Лупцов притих. Коротка истерика с Иваном Павловичем привела его в чувство. Ему вдруг подумалось, что и он, выкрикивая свои новости и домыслы, выглядел не лучшим образом. Ему стало немного стыдно, а главное, он испугался того, что, сам не заметив, может запросто свихнуться, поддаться панике и, не разобравшись до конца, что же все–таки произошло, сгинуть в какой–нибудь дурацкой ловушке, типа той, в которую попал молодой лейтенант милиции.

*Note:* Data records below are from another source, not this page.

(* Let $\alpha_a$ be a labeled dGL hybrid game and $\varphi$ a formula, and let $M$ be the model predictive Angelic subvalue map for $\alpha_a$ and $\varphi$. Then $\models\langle\mathcal{P}(\alpha_a,M)\rangle\varphi\leftrightarrow\langle\alpha\rangle\varphi$. Dually, if $M'$ is the model predictive Demonic subvalue map for $\alpha_a$ and $\varphi$, then $\models[\mathcal{D}(\alpha_a,M')]\varphi\leftrightarrow[\alpha]\varphi$.
   Context: Differential game logic (dGL). Hybrid games are generated by $\alpha,\beta ::= x:=e \mid \alpha;\beta \mid ?Q \mid \{x'=f(x)\,\&\,Q\} \mid \alpha^{*} \mid \alpha\cup\beta \mid x:=* \mid\ !Q \mid \{x'=f(x)\,\&\,Q\}^{d} \mid \alpha^{\times} \mid \alpha\cap\beta \mid x:=\otimes$, with $x$ a real variable (vector for ODEs), $e,f(x)$ polynomial terms, $Q$ a formula. Players Angel and Demon: $x:=e$ deterministic assignment; in $x:=*$ Angel (in $x:=\otimes$ Demon) assigns any real; in $\{x'=f(x)\&Q\}$ Angel (in $\{\cdot\}^d$ Demon) chooses a duration $r\ge 0$ of following the ODE with $Q$ true throughout; $?Q$ makes Angel lose and $!Q$ makes Demon lose if $Q$ is false; in $\alpha\cup\beta$ Angel (in $\alpha\cap\beta$ Demon) chooses the branch; in $\alpha^*$ Angel (in $\alpha^\times$ Demon) decides before each iteration whether to repeat or stop; $\alpha;\beta$ sequential. Formulas: polynomial (in)equalities closed under connectives, real quantifiers, and modalities $\langle\alpha\rangle\varphi$ (Angel can win $\alpha$ reaching $\varphi$) and $[\alpha]\varphi\equiv\neg\langle\alpha\rangle\neg\varphi$, with the standard dGL winning-region semantics ($\langle x:=*\rangle\varphi\leftrightarrow\exists x\varphi$, $\langle x:=\otimes\rangle\varphi\leftrightarrow\forall x\varphi$, $\langle ?Q\rangle\varphi\leftrightarrow Q\wedge\varphi$, $\langle !Q\rangle\varphi\leftrightarrow(Q\rightarrow\varphi)$, $\cup$ as disjunction, $\cap$ as conjunction, $\langle\alpha;\beta\rangle\varphi\leftrightarrow\langle\alpha\rangle\langle\beta\rangle\varphi$, Angel ODE existential, Demon ODE universal, $\langle\alpha^*\rangle$ least and $\langle\alpha^\times\rangle$ greatest fixed point). $\models$ denotes validity. Labels: every node of the syntax tree carries a unique label; $\alpha_a$ has root label $a$; $\mathrm{nodes}(\alpha_a)$ is its set of subgame labels; $\mathsf{end}$ is a special extra label. A map $S$ assigns formulas to a label set containing $\mathrm{nodes}(\alpha_a)\cup\{\mathsf{end}\}$; $S\{\mathsf{end}\mapsto Q\}$ replaces the value at $\mathsf{end}$. $\gamma_g,\delta_d$ denote immediate subgames with root labels $g,d$. Game suffix: $\mathrm{suffix}_a(\alpha_a)=\alpha_a$; for $b\ne a$: for loops $((\gamma_g)^* )_a,((\gamma_g)^\times)_a$ it is $\mathrm{suffix}_b(\gamma_g);\alpha_a$; for $\cup,\cap$ the suffix within the branch containing $b$; for $(\gamma_g;\delta_d)_a$ it is $\mathrm{suffix}_b(\gamma_g);\delta_d$ if $b\in\mathrm{nodes}(\gamma_g)$ else $\mathrm{suffix}_b(\delta_d)$. Model predictive Angelic subvalue map for $\alpha_a$ and $\varphi$: $M(\mathsf{end})=\varphi$ and $M(b)=\langle\mathrm{suffix}_b(\alpha_a)\rangle\varphi$ for $b\in\mathrm{nodes}(\alpha_a)$. Model predictive Demonic subvalue map: $M'(\mathsf{end})=\varphi$ and $M'(b)=[\mathrm{suffix}_b(\alpha_a)]\varphi$. Angelic existential projection $\mathcal{P}(\alpha_a,S)$: $(x:=* )_a\mapsto(x:=* )_a;?S(\mathsf{end})$; Angel ODE $\mapsto$ ODE$;?S(\mathsf{end})$; $(\gamma_g\cup\delta_d)_a\mapsto(?S(g);\mathcal{P}(\gamma_g,S))\cup(?S(d);\mathcal{P}(\delta_d,S))$; $((\gamma_g)^* )_a\mapsto(?S(g);\mathcal{P}(\gamma_g,S\{\mathsf{end}\mapsto S(a)\}))^*;?S(\mathsf{end})$; $(\gamma_g;\delta_d)_a\mapsto\mathcal{P}(\gamma_g,S\{\mathsf{end}\mapsto S(d)\});\mathcal{P}(\delta_d,S)$; $\cap\mapsto\mathcal{P}(\gamma_g,S)\cap\mathcal{P}(\delta_d,S)$; $((\gamma_g)^\times)_a\mapsto\mathcal{P}(\gamma_g,S\{\mathsf{end}\mapsto S(a)\})^\times$; $x:=e,x:=\otimes,?Q,!Q$, Demon ODE unchanged (labels preserved, new nodes fresh labels). Demonic existential projection $\mathcal{D}(\alpha_a,S)$: $(x:=\otimes)_a\mapsto(x:=\otimes)_a;!S(\mathsf{end})$; Demon ODE $\mapsto$ ODE$^d;!S(\mathsf{end})$; $(\gamma_g\cap\delta_d)_a\mapsto(!S(g);\mathcal{D}(\gamma_g,S))\cap(!S(d);\mathcal{D}(\delta_d,S))$; $((\gamma_g)^\times)_a\mapsto(!S(g);\mathcal{D}(\gamma_g,S\{\mathsf{end}\mapsto S(g)\vee S(\mathsf{end})\}))^\times;!S(\mathsf{end})$; $(\gamma_g;\delta_d)_a\mapsto\mathcal{D}(\gamma_g,S\{\mathsf{end}\mapsto S(d)\});\mathcal{D}(\delta_d,S)$; $\cup\mapsto\mathcal{D}(\gamma_g,S)\cup\mathcal{D}(\delta_d,S)$; $((\gamma_g)^* )_a\mapsto\mathcal{D}(\gamma_g,S\{\mathsf{end}\mapsto S(a)\})^*$; $x:=e,x:=*,?Q,!Q$, Angel ODE unchanged. *)

theory Defs
  imports "HOL-Analysis.Analysis"
begin

type_synonym var = nat
type_synonym lab = nat
type_synonym state = "var \<Rightarrow> real"

datatype trm = Var var | Const real | Plus trm trm | Times trm trm | Neg trm

datatype fml =
    Geq trm trm | Gt trm trm | Equal trm trm
  | Not fml | And fml fml | Or fml fml | Imp fml fml | Iff fml fml
  | Exists var fml | Forall var fml
  | Dia game fml
and game =
    Assign lab var trm
  | AssignAny lab var
  | Test lab fml
  | ODE lab "(var \<times> trm) list" fml
  | Choice lab game game
  | Seq lab game game
  | Loop lab game
  | AssignDemon lab var
  | Assert lab fml
  | DODE lab "(var \<times> trm) list" fml
  | DChoice lab game game
  | DLoop lab game

definition Box :: "game \<Rightarrow> fml \<Rightarrow> fml" where
  "Box a p = Not (Dia a (Not p))"

primrec trm_sem :: "trm \<Rightarrow> state \<Rightarrow> real" where
  "trm_sem (Var x) \<omega> = \<omega> x"
| "trm_sem (Const c) \<omega> = c"
| "trm_sem (Plus e1 e2) \<omega> = trm_sem e1 \<omega> + trm_sem e2 \<omega>"
| "trm_sem (Times e1 e2) \<omega> = trm_sem e1 \<omega> * trm_sem e2 \<omega>"
| "trm_sem (Neg e) \<omega> = - trm_sem e \<omega>"

definition sol :: "(var \<times> trm) list \<Rightarrow> state set \<Rightarrow> state \<Rightarrow> real \<Rightarrow> (real \<Rightarrow> state) \<Rightarrow> bool" where
  "sol xs Q \<omega> r \<phi> \<longleftrightarrow> r \<ge> 0 \<and> \<phi> 0 = \<omega> \<and>
     (\<forall>t\<in>{0..r}. \<phi> t \<in> Q
        \<and> (\<forall>y. y \<notin> fst ` set xs \<longrightarrow> \<phi> t y = \<omega> y)
        \<and> (\<forall>(x,e)\<in>set xs. ((\<lambda>s. \<phi> s x) has_real_derivative trm_sem e (\<phi> t)) (at t within {0..r})))"

text \<open>Formula semantics and winding-region semantics of games: \<open>game_sem a X\<close> is the set of
  states from which Angel has a winning strategy in \<open>a\<close> to reach \<open>X\<close>.\<close>
primrec fml_sem :: "fml \<Rightarrow> state set" and game_sem :: "game \<Rightarrow> state set \<Rightarrow> state set" where
  "fml_sem (Geq e1 e2) = {\<omega>. trm_sem e1 \<omega> \<ge> trm_sem e2 \<omega>}"
| "fml_sem (Gt e1 e2) = {\<omega>. trm_sem e1 \<omega> > trm_sem e2 \<omega>}"
| "fml_sem (Equal e1 e2) = {\<omega>. trm_sem e1 \<omega> = trm_sem e2 \<omega>}"
| "fml_sem (Not p) = - fml_sem p"
| "fml_sem (And p q) = fml_sem p \<inter> fml_sem q"
| "fml_sem (Or p q) = fml_sem p \<union> fml_sem q"
| "fml_sem (Imp p q) = - fml_sem p \<union> fml_sem q"
| "fml_sem (Iff p q) = {\<omega>. \<omega> \<in> fml_sem p \<longleftrightarrow> \<omega> \<in> fml_sem q}"
| "fml_sem (Exists x p) = {\<omega>. \<exists>r. fun_upd \<omega> x r \<in> fml_sem p}"
| "fml_sem (Forall x p) = {\<omega>. \<forall>r. fun_upd \<omega> x r \<in> fml_sem p}"
| "fml_sem (Dia a p) = game_sem a (fml_sem p)"
| "game_sem (Assign l x e) X = {\<omega>. fun_upd \<omega> x (trm_sem e \<omega>) \<in> X}"
| "game_sem (AssignAny l x) X = {\<omega>. \<exists>r. fun_upd \<omega> x r \<in> X}"
| "game_sem (Test l q) X = fml_sem q \<inter> X"
| "game_sem (ODE l xs q) X = {\<omega>. \<exists>r \<phi>. sol xs (fml_sem q) \<omega> r \<phi> \<and> \<phi> r \<in> X}"
| "game_sem (Choice l a b) X = game_sem a X \<union> game_sem b X"
| "game_sem (Seq l a b) X = game_sem a (game_sem b X)"
| "game_sem (Loop l a) X = lfp (\<lambda>Z. X \<union> game_sem a Z)"
| "game_sem (AssignDemon l x) X = {\<omega>. \<forall>r. fun_upd \<omega> x r \<in> X}"
| "game_sem (Assert l q) X = - fml_sem q \<union> X"
| "game_sem (DODE l xs q) X = {\<omega>. \<forall>r \<phi>. sol xs (fml_sem q) \<omega> r \<phi> \<longrightarrow> \<phi> r \<in> X}"
| "game_sem (DChoice l a b) X = game_sem a X \<inter> game_sem b X"
| "game_sem (DLoop l a) X = gfp (\<lambda>Z. X \<inter> game_sem a Z)"

definition valid :: "fml \<Rightarrow> bool" where
  "valid p \<longleftrightarrow> fml_sem p = UNIV"

datatype lbl = L lab | End

primrec root :: "game \<Rightarrow> lab" where
  "root (Assign l x e) = l" | "root (AssignAny l x) = l" | "root (Test l q) = l"
| "root (ODE l xs q) = l" | "root (Choice l a b) = l" | "root (Seq l a b) = l"
| "root (Loop l a) = l" | "root (AssignDemon l x) = l" | "root (Assert l q) = l"
| "root (DODE l xs q) = l" | "root (DChoice l a b) = l" | "root (DLoop l a) = l"

text \<open>Labels of all subgame nodes of the game syntax tree (as a list, to express uniqueness).\<close>
primrec nodes :: "game \<Rightarrow> lab list" where
  "nodes (Assign l x e) = [l]" | "nodes (AssignAny l x) = [l]" | "nodes (Test l q) = [l]"
| "nodes (ODE l xs q) = [l]" | "nodes (Choice l a b) = l # nodes a @ nodes b"
| "nodes (Seq l a b) = l # nodes a @ nodes b"
| "nodes (Loop l a) = l # nodes a" | "nodes (AssignDemon l x) = [l]" | "nodes (Assert l q) = [l]"
| "nodes (DODE l xs q) = [l]" | "nodes (DChoice l a b) = l # nodes a @ nodes b"
| "nodes (DLoop l a) = l # nodes a"

text \<open>Game suffix \<open>suffix b a\<close> (meaningful for \<open>b \<in> nodes a\<close>). The labels of the new sequential
  composition nodes it creates are irrelevant (suffixes only occur inside formulas); we reuse
  the root label.\<close>
primrec suffix :: "lab \<Rightarrow> game \<Rightarrow> game" where
  "suffix b (Assign l x e) = Assign l x e"
| "suffix b (AssignAny l x) = AssignAny l x"
| "suffix b (Test l q) = Test l q"
| "suffix b (ODE l xs q) = ODE l xs q"
| "suffix b (Choice l g d) = (if b = l then Choice l g d
     else if b \<in> set (nodes g) then suffix b g else suffix b d)"
| "suffix b (Seq l g d) = (if b = l then Seq l g d
     else if b \<in> set (nodes g) then Seq l (suffix b g) d else suffix b d)"
| "suffix b (Loop l g) = (if b = l then Loop l g else Seq l (suffix b g) (Loop l g))"
| "suffix b (AssignDemon l x) = AssignDemon l x"
| "suffix b (Assert l q) = Assert l q"
| "suffix b (DODE l xs q) = DODE l xs q"
| "suffix b (DChoice l g d) = (if b = l then DChoice l g d
     else if b \<in> set (nodes g) then suffix b g else suffix b d)"
| "suffix b (DLoop l g) = (if b = l then DLoop l g else Seq l (suffix b g) (DLoop l g))"

fun angel_mp :: "game \<Rightarrow> fml \<Rightarrow> lbl \<Rightarrow> fml" where
  "angel_mp a p End = p"
| "angel_mp a p (L b) = Dia (suffix b a) p"

fun demon_mp :: "game \<Rightarrow> fml \<Rightarrow> lbl \<Rightarrow> fml" where
  "demon_mp a p End = p"
| "demon_mp a p (L b) = Box (suffix b a) p"

text \<open>\<open>nl a k\<close> provides the (fresh) label of the \<open>k\<close>-th new node created when projecting the node
  labeled \<open>a\<close>; original labels are preserved.\<close>
primrec aproj :: "(lab \<Rightarrow> nat \<Rightarrow> lab) \<Rightarrow> game \<Rightarrow> (lbl \<Rightarrow> fml) \<Rightarrow> game" where
  "aproj nl (Assign l x e) S = Assign l x e"
| "aproj nl (AssignAny l x) S = Seq (nl l 0) (AssignAny l x) (Test (nl l 1) (S End))"
| "aproj nl (Test l q) S = Test l q"
| "aproj nl (ODE l xs q) S = Seq (nl l 0) (ODE l xs q) (Test (nl l 1) (S End))"
| "aproj nl (Choice l g d) S =
     Choice l (Seq (nl l 0) (Test (nl l 1) (S (L (root g)))) (aproj nl g S))
              (Seq (nl l 2) (Test (nl l 3) (S (L (root d)))) (aproj nl d S))"
| "aproj nl (Seq l g d) S = Seq l (aproj nl g (S(End := S (L (root d))))) (aproj nl d S)"
| "aproj nl (Loop l g) S =
     Seq (nl l 0)
       (Loop l (Seq (nl l 1) (Test (nl l 2) (S (L (root g)))) (aproj nl g (S(End := S (L l))))))
       (Test (nl l 3) (S End))"
| "aproj nl (AssignDemon l x) S = AssignDemon l x"
| "aproj nl (Assert l q) S = Assert l q"
| "aproj nl (DODE l xs q) S = DODE l xs q"
| "aproj nl (DChoice l g d) S = DChoice l (aproj nl g S) (aproj nl d S)"
| "aproj nl (DLoop l g) S = DLoop l (aproj nl g (S(End := S (L l))))"

primrec dproj :: "(lab \<Rightarrow> nat \<Rightarrow> lab) \<Rightarrow> game \<Rightarrow> (lbl \<Rightarrow> fml) \<Rightarrow> game" where
  "dproj nl (Assign l x e) S = Assign l x e"
| "dproj nl (AssignAny l x) S = AssignAny l x"
| "dproj nl (Test l q) S = Test l q"
| "dproj nl (ODE l xs q) S = ODE l xs q"
| "dproj nl (Choice l g d) S = Choice l (dproj nl g S) (dproj nl d S)"
| "dproj nl (Seq l g d) S = Seq l (dproj nl g (S(End := S (L (root d))))) (dproj nl d S)"
| "dproj nl (Loop l g) S = Loop l (dproj nl g (S(End := S (L l))))"
| "dproj nl (AssignDemon l x) S = Seq (nl l 0) (AssignDemon l x) (Assert (nl l 1) (S End))"
| "dproj nl (Assert l q) S = Assert l q"
| "dproj nl (DODE l xs q) S = Seq (nl l 0) (DODE l xs q) (Assert (nl l 1) (S End))"
| "dproj nl (DChoice l g d) S =
     DChoice l (Seq (nl l 0) (Assert (nl l 1) (S (L (root g)))) (dproj nl g S))
               (Seq (nl l 2) (Assert (nl l 3) (S (L (root d)))) (dproj nl d S))"
| "dproj nl (DLoop l g) S =
     Seq (nl l 0)
       (DLoop l (Seq (nl l 1) (Assert (nl l 2) (S (L (root g))))
                    (dproj nl g (S(End := Or (S (L (root g))) (S End))))))
       (Assert (nl l 3) (S End))"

— Успокойся, Иван Павлович, успокойся, — нормальным голосом сказал Лупцов и подал соседу пиджак. — В конце концов, какое–то объяснение этому найдется. Разберемся. А сейчас пойдем ко мне. У меня квартира поменьше, лучше просматривается. Пока нас никто не тргает, а там посмотрим. Пойдем. — Говорил Лупцов тоном врача. Он помог соседу надеть пиджак, сам застегнул его на все пуговицы, а потом взял Ивана Павловича под руку и повел к выходу.
Квартира Лупцова была раскрыта настежь, и еще издали они услышали, что в комнате вовсю трезвонит телефон. Телефон звонил странно, без перерывов, как будильник, и Лупцов подумал, стоит ли снимать трубку, но любопытство, желание хоть что–то узнать, победило.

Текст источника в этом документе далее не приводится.